### WHAT THIS TASK INVOLVES
If a line in the data holds the string "proof", list it.

[Data excerpts]
*** Begin section ***

(* There exist a decreasing gap asymptotically dense set $\Lambda\subset[0,+\infty)$ and a function $f\in C_0^+(\mathbb{R})$ such that $[0,1]\subset D(f,\Lambda)$ and $[4,5]\subset C(f,\Lambda)$.
   Context: For a discrete set $\Lambda\subset[0,\infty)$ and measurable $f:\mathbb{R}\to[0,+\infty)$, put $s(x)=\sum_{\lambda\in\Lambda}f(x+\lambda)$, $C(f,\Lambda)=\{x: s(x)<\infty\}$ and $D(f,\Lambda)=\{x: s(x)=\infty\}$. An unbounded infinite discrete set $\Lambda=\{\lambda_1<\lambda_2<\cdots\}$ is a decreasing gap asymptotically dense set if the gaps $d_n=\lambda_n-\lambda_{n-1}$ tend to $0$ monotone decreasingly. $C_0^+(\mathbb{R})$ denotes the set of continuous functions $\mathbb{R}\to[0,+\infty)$ tending to $0$ at $+\infty$. *)

theory Defs
  imports "HOL-Analysis.Analysis"
begin

definition shift_sum :: "(real \<Rightarrow> real) \<Rightarrow> real set \<Rightarrow> real \<Rightarrow> ennreal" where
  "shift_sum f \<Lambda> x = (\<Sum>\<^sub>\<infinity>l\<in>\<Lambda>. ennreal (f (x + l)))"

definition conv_set :: "(real \<Rightarrow> real) \<Rightarrow> real set \<Rightarrow> real set" where
  "conv_set f \<Lambda> = {x. shift_sum f \<Lambda> x < \<infinity>}"

definition div_set :: "(real \<Rightarrow> real) \<Rightarrow> real set \<Rightarrow> real set" where
  "div_set f \<Lambda> = {x. shift_sum f \<Lambda> x = \<infinity>}"

definition dec_gap_asymp_dense :: "real set \<Rightarrow> bool" where
  "dec_gap_asymp_dense \<Lambda> \<longleftrightarrow> \<Lambda> \<subseteq> {0..} \<and> \<not> bdd_above \<Lambda> \<and>
     (\<exists>lam :: nat \<Rightarrow> real. strict_mono lam \<and> range lam = \<Lambda> \<and>
        (\<forall>n. lam (Suc (Suc n)) - lam (Suc n) \<le> lam (Suc n) - lam n) \<and>
        (\<lambda>n. lam (Suc n) - lam n) \<longlonglongrightarrow> 0)"

definition C0_plus :: "(real \<Rightarrow> real) set" where
  "C0_plus = {f. continuous_on UNIV f \<and> (\<forall>x. 0 \<le> f x) \<and> (f \<longlongrightarrow> 0) at_top}"

end

theory Submission
  imports Defs
begin

(* On the k-th block [4k, 4k + 4) the set Lambda is the grid of step 1 / m_k, where
   m_k = (k + 1) 2^A_k and A_k is the number of points in the earlier blocks, so the gaps
   decrease to 0. On the same interval f(y) = 2^-A_k (1 - cos (pi y / 2)), a bump vanishing at
   the block endpoints. For 0 <= x <= 1 the m_k points of block k in [4k + 1, 4k + 2) are moved
   into [4k + 1, 4k + 3], where f >= 2^-A_k, so block k alone contributes at least k + 1 to s(x).
   For x >= 4 the point x + lambda_n lies in a later block than lambda_n, where
   f <= 2 * 2^-A_(k+1) <= 2 * 2^-n, so s(x) is dominated by a geometric series. *)

definition segment_index :: "(nat \<Rightarrow> nat) \<Rightarrow> nat \<Rightarrow> nat" where
  "segment_index A n = (LEAST k. n < A (Suc k))"
definition lclass :: "(nat \<Rightarrow> 'c set) \<Rightarrow> (nat \<Rightarrow> (nat \<Rightarrow> nat) \<Rightarrow> 'c \<Rightarrow> 'c)
    \<Rightarrow> 'c \<times> nat list \<Rightarrow> ('c \<times> nat list) set" where
  "lclass C act ax = ((lrel C act \<union> (lrel C act)\<inverse>)\<^sup>*) `` {ax}"

definition Lset :: "(nat \<Rightarrow> 'c set) \<Rightarrow> (nat \<Rightarrow> (nat \<Rightarrow> nat) \<Rightarrow> 'c \<Rightarrow> 'c) \<Rightarrow> nat
    \<Rightarrow> (nat \<Rightarrow> nat) \<Rightarrow> ('c \<times> nat list) set set" where
  "Lset C act l k = {lclass C act (a, x) | a x. x \<in> words l k \<and> a \<in> C (length x)}"

definition kphi :: "nat \<Rightarrow> (nat \<Rightarrow> nat) \<Rightarrow> (nat \<Rightarrow> nat) \<Rightarrow> (nat \<Rightarrow> nat)" where
  "kphi l \<phi> k = (\<lambda>i. \<Sum>j\<in>{j. j < l \<and> \<phi> j = i}. k j)"

definition Sn_sets :: "(nat \<Rightarrow> 'c set) \<Rightarrow> (nat \<Rightarrow> (nat \<Rightarrow> nat) \<Rightarrow> 'c \<Rightarrow> 'c) \<Rightarrow> bool" where
  "Sn_sets C act \<longleftrightarrow> (\<forall>n. (\<forall>a\<in>C n. act n id a = a) \<and>
     (\<forall>\<sigma> a. \<sigma> permutes {..<n} \<longrightarrow> a \<in> C n \<longrightarrow> act n \<sigma> a \<in> C n) \<and>
     (\<forall>\<sigma> \<tau> a. \<sigma> permutes {..<n} \<longrightarrow> \<tau> permutes {..<n} \<longrightarrow> a \<in> C n \<longrightarrow>
          act n (\<sigma> \<circ> \<tau>) a = act n \<sigma> (act n \<tau> a)))"

definition weak_comb_descr :: "'d itself \<Rightarrow> nat \<Rightarrow> (nat \<Rightarrow> 'c set)
    \<Rightarrow> (nat \<Rightarrow> (nat \<Rightarrow> nat) \<Rightarrow> 'c \<Rightarrow> 'c)
    \<Rightarrow> ((nat \<Rightarrow> nat) \<Rightarrow> ('c \<times> nat list) set \<Rightarrow> ('d::finite) wmap) \<Rightarrow> bool" where
  "weak_comb_descr dt l C act H \<longleftrightarrow> Sn_sets C act \<and>
     (\<forall>k. supp_ok l k \<longrightarrow>
        (\<forall>\<xi>\<in>Lset C act l k. Crestrict l (H k \<xi>) \<in> Wk dt l k) \<and>
        lspan ((\<lambda>\<xi>. Crestrict l (H k \<xi>)) ` Lset C act l k) = Wk dt l k \<and>
        (\<forall>\<phi>. (\<forall>i<l. \<phi> i < l) \<longrightarrow>
           (\<forall>a x. x \<in> words l k \<longrightarrow> a \<in> C (length x) \<longrightarrow>
              Crestrict l (H (kphi l \<phi> k) (lclass C act (a, map \<phi> x)))
                = pushC l \<phi> (H k (lclass C act (a, x))))))"

definition compatible_RT :: "nat \<Rightarrow> (nat \<Rightarrow> 'c set)
    \<Rightarrow> (nat \<Rightarrow> (nat \<Rightarrow> nat) \<Rightarrow> 'c \<Rightarrow> 'c)
    \<Rightarrow> ((nat \<Rightarrow> nat) \<Rightarrow> ('c \<times> nat list) set \<Rightarrow> ('d::finite) wmap)
    \<Rightarrow> (nat \<Rightarrow> (nat \<times> nat) set \<Rightarrow> 'c) \<Rightarrow> bool" where
  "compatible_RT l C act H p \<longleftrightarrow>
     (\<forall>n. p n ` RT n = C n \<and>
        (\<forall>\<sigma> E. \<sigma> permutes {..<n} \<longrightarrow> E \<in> RT n \<longrightarrow> p n (relabel \<sigma> E) = act n \<sigma> (p n E))) \<and>
     (\<forall>k. supp_ok l k \<longrightarrow> (\<forall>n E x. E \<in> RT n \<longrightarrow> x \<in> words l k \<longrightarrow> length x = n \<longrightarrow>
        Crestrict l (Fk n E x) = Crestrict l (H k (lclass C act (p n E, x)))))"

end

theory Submission
  imports Defs
begin

(* Compatibility makes every p_n surjective, and if p_n E1 = p_n E2 then
   F^k(E1, x) = F^k(E2, x) for every two-colouring x of the vertices; so it suffices that
   two-coloured elementary differentials separate rooted trees (the remaining axioms of a weak
   combinatorial description are not needed).  Pick two coordinates a \<noteq> b, which is where d \<ge> 2
   enters, and give the vertices of a set S the field exp(y_a + y_b) e_b and all other vertices
   exp(y_a) e_a.  Partial derivatives of exponential fields are multiplicative, so at y = 0 the
   elementary differential is a product, over the edges, of the pairing of the child's direction
   with the parent's frequency; that pairing vanishes exactly on edges entering S from outside.
   Hence F(\<tau>)(0) \<noteq> 0 iff S is closed under taking parents.  These sets determine the ancestor
   relation, and a rooted tree is the transitive reduction of its ancestor relation. *)

section \<open>Rooted trees and their ancestor-closed vertex sets\<close>

lemma RT_E:
  assumes "E \<in> RT n"
  obtains r where "r < n" "\<And>v. (v, r) \<notin> E" "\<And>w. w < n \<Longrightarrow> (r, w) \<in> E\<^sup>*"
    "E \<subseteq> {..<n} \<times> {..<n}"
  using assms unfolding RT_def mem_Collect_eq by (elim conjE exE) (rule that; auto)

lemma RT_single_valued_converse:
  assumes "E \<in> RT n"
  shows "single_valued (E\<inverse>)"
proof (rule single_valuedI)
  obtain r where root: "\<forall>v. (v, r) \<notin> E" and parent: "\<forall>w<n. w \<noteq> r \<longrightarrow> (\<exists>!v. (v, w) \<in> E)"
    and E: "E \<subseteq> {..<n} \<times> {..<n}"
    using assms unfolding RT_def mem_Collect_eq by (elim conjE exE) (rule that)
  fix w u v assume "(w, u) \<in> E\<inverse>" "(w, v) \<in> E\<inverse>"
  moreover from this have "w < n" "w \<noteq> r" using E root by auto
  ultimately show "u = v" using parent by auto
qed

lemma RT_acyclic:
  assumes "E \<in> RT n"
  shows "acyclic E"
proof (rule acyclicI, rule allI)
  fix x
  obtain r where "r < n" and root: "\<And>v. (v, r) \<notin> E"
    and reach: "\<And>w. w < n \<Longrightarrow> (r, w) \<in> E\<^sup>*" and E: "E \<subseteq> {..<n} \<times> {..<n}"
    using assms by (rule RT_E) (rule that)
  have sv: "single_valued (E\<inverse>)" using assms by (rule RT_single_valued_converse)
  have "(w, w) \<notin> E\<^sup>+" if "(r, w) \<in> E\<^sup>*" for w
    using that
  proof (induction rule: rtrancl_induct)
    case base
    show ?case using root by (auto dest: tranclD2)
  next
    case (step y w)
    show ?case
    proof
      assume "(w, w) \<in> E\<^sup>+"
      then obtain z where "(w, z) \<in> E\<^sup>*" "(z, w) \<in> E" by (auto dest: tranclD2)
      with step.hyps(2) sv have "(w, y) \<in> E\<^sup>*" by (auto dest: single_valuedD)
      with step.hyps(2) have "(y, y) \<in> E\<^sup>+" by (rule rtrancl_into_trancl2)
      with step.IH show False ..
    qed
  qed
  moreover have "x < n" if "(x, x) \<in> E\<^sup>+" using that E by (auto dest: tranclD)
  ultimately show "(x, x) \<notin> E\<^sup>+" using reach by blast
qed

*** End section ***

### THE ANSWER
proof (rule single_valuedI)
proof (rule acyclicI, rule allI)
  proof (induction rule: rtrancl_induct)
    proof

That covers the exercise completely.